*** Opening Records supplied ***

lemma block_stretch_inverse: "block_stretch r' r (block_stretch r r' x) = x"
proof (cases "x < 1")
  case False
  then have "1 \<le> x"
    by simp
  then show ?thesis
    using block_stretch_coordinates[OF \<open>1 \<le> x\<close>] stretch_radii(6) block_decomposition[of x]
    by (simp add: block_stretch_def)
qed (simp add: block_stretch_def)

lemma strict_mono_block_stretch: "strict_mono (block_stretch r r')"
proof (rule strict_monoI)
  fix x y :: real assume "x < y"
  consider "y < 1" | "x < 1" "1 \<le> y" | "1 \<le> x" "\<lfloor>x\<rfloor> = \<lfloor>y\<rfloor>" | "1 \<le> x" "\<lfloor>x\<rfloor> < \<lfloor>y\<rfloor>"
    using \<open>x < y\<close> floor_mono[of x y] by linarith
  then show "block_stretch r r' x < block_stretch r r' y"
  proof cases
    case 1
    then have "x < 1"
      using \<open>x < y\<close> by linarith
    then show ?thesis
      using 1 \<open>x < y\<close> by (simp add: block_stretch_def)
  next
    case 2
    then show ?thesis
      using block_stretch_coordinates(4)[of y] by (simp add: block_stretch_def)
  next
    case 3
    have "block_index x = block_index y" "block_offset x < block_offset y"
      using same_block[OF 3(2)] \<open>x < y\<close> by auto
    moreover have "stretch (r (block_index x)) (r' (block_index x)) (block_offset x)
        < stretch (r (block_index x)) (r' (block_index x)) (block_offset y)"
      using stretch_radii(1) \<open>block_offset x < block_offset y\<close> by (simp add: strict_mono_less)
    ultimately show ?thesis
      using 3 \<open>x < y\<close> by (simp add: block_stretch_def)
  next
    case 4
    then have "block_stretch r r' x < \<lfloor>x\<rfloor> + 1" "\<lfloor>y\<rfloor> \<le> block_stretch r r' y"
      using block_stretch_coordinates(1)[of x] block_stretch_coordinates(1)[of y] \<open>x < y\<close>
      by linarith+
    then show ?thesis
      using 4 by linarith
  qed
qed

end

lemma homeomorphism_block_stretch:
  assumes "admissible_radii r" "admissible_radii r'"
  shows "homeomorphism UNIV UNIV (block_stretch r r') (block_stretch r' r)"
  using strict_mono_block_stretch[OF assms] block_stretch_inverse[OF assms]
    block_stretch_inverse[OF assms(2,1)]
  by (rule homeomorphism_strict_mono_inverse)

fun window :: "nat \<Rightarrow> real \<Rightarrow> real \<Rightarrow> bool" where
  "window 0 a u \<longleftrightarrow> \<bar>u\<bar> < a"
| "window (Suc 0) a u \<longleftrightarrow> -a \<le> u \<and> u < a"
| "window (Suc (Suc i)) a u \<longleftrightarrow> \<bar>u\<bar> \<le> a"

lemma window_if_abs_less: "\<bar>u\<bar> < a \<Longrightarrow> window i a u"
  by (cases "(i, a, u)" rule: window.cases) auto

lemma abs_le_if_window: "window i a u \<Longrightarrow> \<bar>u\<bar> \<le> a"
  by (cases "(i, a, u)" rule: window.cases) auto

lemma window_strict_mono_iff:
  assumes "strict_mono f" "f a = b" "f (-a) = -b"
  shows "window i b (f u) \<longleftrightarrow> window i a u"
proof -
  have "f u < b \<longleftrightarrow> u < a" "-b < f u \<longleftrightarrow> -a < u" "f u \<le> b \<longleftrightarrow> u \<le> a" "-b \<le> f u \<longleftrightarrow> -a \<le> u"
    using assms by (metis strict_mono_less strict_mono_less_eq)+
  then show ?thesis
    by (cases "(i, a, u)" rule: window.cases) (auto simp: abs_less_iff abs_le_iff)
qed

definition shape_set :: "nat \<Rightarrow> (nat \<Rightarrow> real) \<Rightarrow> real set" where
  "shape_set i r = {x. 1 \<le> x \<and> window i (r (block_index x)) (block_offset x)}"

lemma shape_set_subset: "shape_set i r \<subseteq> {1..}"
  by (auto simp: shape_set_def)

lemma block_stretch_mem_shape_set:
  assumes "admissible_radii r" "admissible_radii r'"
  shows "block_stretch r r' x \<in> shape_set i r' \<longleftrightarrow> x \<in> shape_set i r"
proof (cases "1 \<le> x")
  case True
  define n where "n = block_index x"
  have "0 < r n" "r n < 1/2" "0 < r' n" "r' n < 1/2"
    using assms by (auto simp: admissible_radii_def dest: spec[of _ n])
  then have "window i (r' n) (stretch (r n) (r' n) (block_offset x)) \<longleftrightarrow> window i (r n) (block_offset x)"
    by (intro window_strict_mono_iff strict_mono_stretch stretch_values)
  then show ?thesis
    using block_stretch_coordinates[OF assms True] True by (simp add: shape_set_def n_def)
qed (simp add: shape_set_def block_stretch_eq_self)

lemma block_stretch_near:
  assumes "admissible_radii r" "admissible_radii r'"
  shows "\<bar>block_stretch r r' x - x\<bar> < 1"
proof (cases "1 \<le> x")
  case True
  then have "\<lfloor>block_stretch r r' x\<rfloor> = \<lfloor>x\<rfloor>"
    by (rule block_stretch_coordinates[OF assms])
  then show ?thesis
    by linarith
qed (simp add: block_stretch_eq_self)

definition band :: "(nat \<Rightarrow> real) \<Rightarrow> (nat \<Rightarrow> real) \<Rightarrow> real set" where
  "band a b = {x. 1 \<le> x \<and> a (block_index x) < block_offset x \<and> block_offset x < b (block_index x)}"

lemma open_band:
  assumes "\<And>n. -1/2 \<le> a n" "\<And>n. b n \<le> 1/2"
  shows "open (band a b)"
proof -
  have "band a b = (\<Union>n\<in>{1..}. {real n + 1/2 + a n <..< real n + 1/2 + b n})"
  proof (intro set_eqI iffI)
    fix x assume x: "x \<in> band a b"
    then have "1 \<le> block_index x" "x = real (block_index x) + 1/2 + block_offset x"
      using one_le_block_index block_decomposition by (auto simp: band_def)
    then show "x \<in> (\<Union>n\<in>{1..}. {real n + 1/2 + a n <..< real n + 1/2 + b n})"
      using x by (auto simp: band_def intro!: bexI[of _ "block_index x"])
  next
    fix x assume "x \<in> (\<Union>n\<in>{1..}. {real n + 1/2 + a n <..< real n + 1/2 + b n})"
    then obtain n where n: "1 \<le> n" "a n < x - real n - 1/2" "x - real n - 1/2 < b n"
      by auto
    then have "-1/2 \<le> x - real n - 1/2" "x - real n - 1/2 < 1/2"
      using assms[of n] by linarith+
    then have "block_index x = n" "block_offset x = x - real n - 1/2"
      using block_coordinates[of "x - real n - 1/2" n] by simp_all
    then show "x \<in> band a b"
      using n \<open>-1/2 \<le> x - real n - 1/2\<close> by (auto simp: band_def)
  qed
  then show ?thesis
    by (simp add: open_UN)
qed

section \<open>Tail topologies\<close>

definition tail_gauge :: "real set \<Rightarrow> real \<Rightarrow> real" where
  "tail_gauge S x = (if x \<in> S then 1 / x else \<bar>x\<bar>)"

definition tail_topology :: "real set \<Rightarrow> real topology" where
  "tail_topology S = gauge_topology (tail_gauge S)"

lemma topspace_tail_topology [simp]: "topspace (tail_topology S) = UNIV"
  by (simp add: tail_topology_def)

lemma tail_subset_tail_gauge_sublevel:
  assumes "S \<subseteq> {1..}" "e > 0"
  shows "S \<inter> {1/e<..} \<subseteq> {x. tail_gauge S x < e}"
proof
  fix x assume x: "x \<in> S \<inter> {1/e<..}"
  then have "0 < x"
    using assms(1) by auto
  then have "1 / x < e"
    using x assms(2) by (simp add: field_simps)
  then show "x \<in> {x. tail_gauge S x < e}"
    using x by (simp add: tail_gauge_def)
qed

lemma tail_gauge_sublevel_subset:
  assumes "S \<subseteq> {1..}" "S \<inter> {M<..} \<subseteq> U" "ball 0 e \<subseteq> U" "e > 0"
  obtains e' where "e' > 0" "{x. tail_gauge S x < e'} \<subseteq> U"
proof -
  define e' where "e' = min e (1 / max M 1)"
  have "{x. tail_gauge S x < e'} \<subseteq> U"
  proof
    fix x assume x: "x \<in> {x. tail_gauge S x < e'}"
    show "x \<in> U"
    proof (cases "x \<in> S")
      case True
      then have "1 \<le> x" "1 / x < 1 / max M 1"
        using assms(1) x by (auto simp: tail_gauge_def e'_def)
      then have "M < x"
        by (simp add: frac_less2 divide_less_eq)
      then show ?thesis
        using assms(2) True by auto
    next
      case False
      then show ?thesis
        using x assms(3) by (auto simp: tail_gauge_def e'_def)
    qed
  qed
  moreover have "e' > 0"
    using assms(4) by (simp add: e'_def)
  ultimately show ?thesis
    using that by blast
qed

lemma openin_tail_topology:
  assumes "S \<subseteq> {1..}"
  shows "openin (tail_topology S) U \<longleftrightarrow> open U \<and> (0 \<in> U \<longrightarrow> (\<exists>M. S \<inter> {M<..} \<subseteq> U))"
proof -
  have "(\<exists>e>0. {x. tail_gauge S x < e} \<subseteq> U) \<longleftrightarrow> (\<exists>M. S \<inter> {M<..} \<subseteq> U)"
    if U: "open U" "0 \<in> U"
  proof
    assume "\<exists>e>0. {x. tail_gauge S x < e} \<subseteq> U"
    then obtain e where "e > 0" "{x. tail_gauge S x < e} \<subseteq> U"
      by blast
    then have "S \<inter> {1/e<..} \<subseteq> U"
      by (rule order_trans[OF tail_subset_tail_gauge_sublevel[OF assms]])
    then show "\<exists>M. S \<inter> {M<..} \<subseteq> U"
      by (rule exI)
  next
    assume "\<exists>M. S \<inter> {M<..} \<subseteq> U"
    then obtain M where "S \<inter> {M<..} \<subseteq> U"
      by blast
    moreover obtain e where "e > 0" "ball 0 e \<subseteq> U"
      using U open_contains_ball by blast
    ultimately obtain e' where "e' > 0" "{x. tail_gauge S x < e'} \<subseteq> U"
      using tail_gauge_sublevel_subset[OF assms] by blast
    then show "\<exists>e>0. {x. tail_gauge S x < e} \<subseteq> U"
      by blast
  qed
  then show ?thesis
    unfolding tail_topology_def openin_gauge_topology by blast
qed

*** Closing Records supplied ***

Task prompt -
Could you copy each line in the listing above that includes the word "UNIV"?

Result below -
  shows "homeomorphism UNIV UNIV (block_stretch r r') (block_stretch r' r)"
lemma topspace_tail_topology [simp]: "topspace (tail_topology S) = UNIV"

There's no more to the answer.